### What the task asks
Search the material for the string "lemma", then report how many lines hold it, with no other text.

### Exercise inputs

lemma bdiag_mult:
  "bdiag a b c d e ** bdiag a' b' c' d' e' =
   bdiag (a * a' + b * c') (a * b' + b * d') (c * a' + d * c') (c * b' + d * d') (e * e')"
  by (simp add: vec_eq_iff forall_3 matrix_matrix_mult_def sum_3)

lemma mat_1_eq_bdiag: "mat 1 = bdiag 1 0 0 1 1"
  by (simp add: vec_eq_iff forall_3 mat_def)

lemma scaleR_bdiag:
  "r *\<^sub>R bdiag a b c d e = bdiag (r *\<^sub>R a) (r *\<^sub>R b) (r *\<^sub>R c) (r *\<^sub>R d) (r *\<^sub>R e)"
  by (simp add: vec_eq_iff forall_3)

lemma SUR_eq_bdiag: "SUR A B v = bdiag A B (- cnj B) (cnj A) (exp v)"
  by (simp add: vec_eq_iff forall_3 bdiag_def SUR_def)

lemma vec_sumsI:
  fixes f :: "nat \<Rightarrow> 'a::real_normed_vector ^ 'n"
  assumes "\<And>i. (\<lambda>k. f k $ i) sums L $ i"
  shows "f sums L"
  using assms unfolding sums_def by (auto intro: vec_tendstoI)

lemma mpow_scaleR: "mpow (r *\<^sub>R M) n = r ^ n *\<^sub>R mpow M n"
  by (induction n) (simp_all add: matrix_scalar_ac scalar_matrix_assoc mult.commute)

### The completed task
6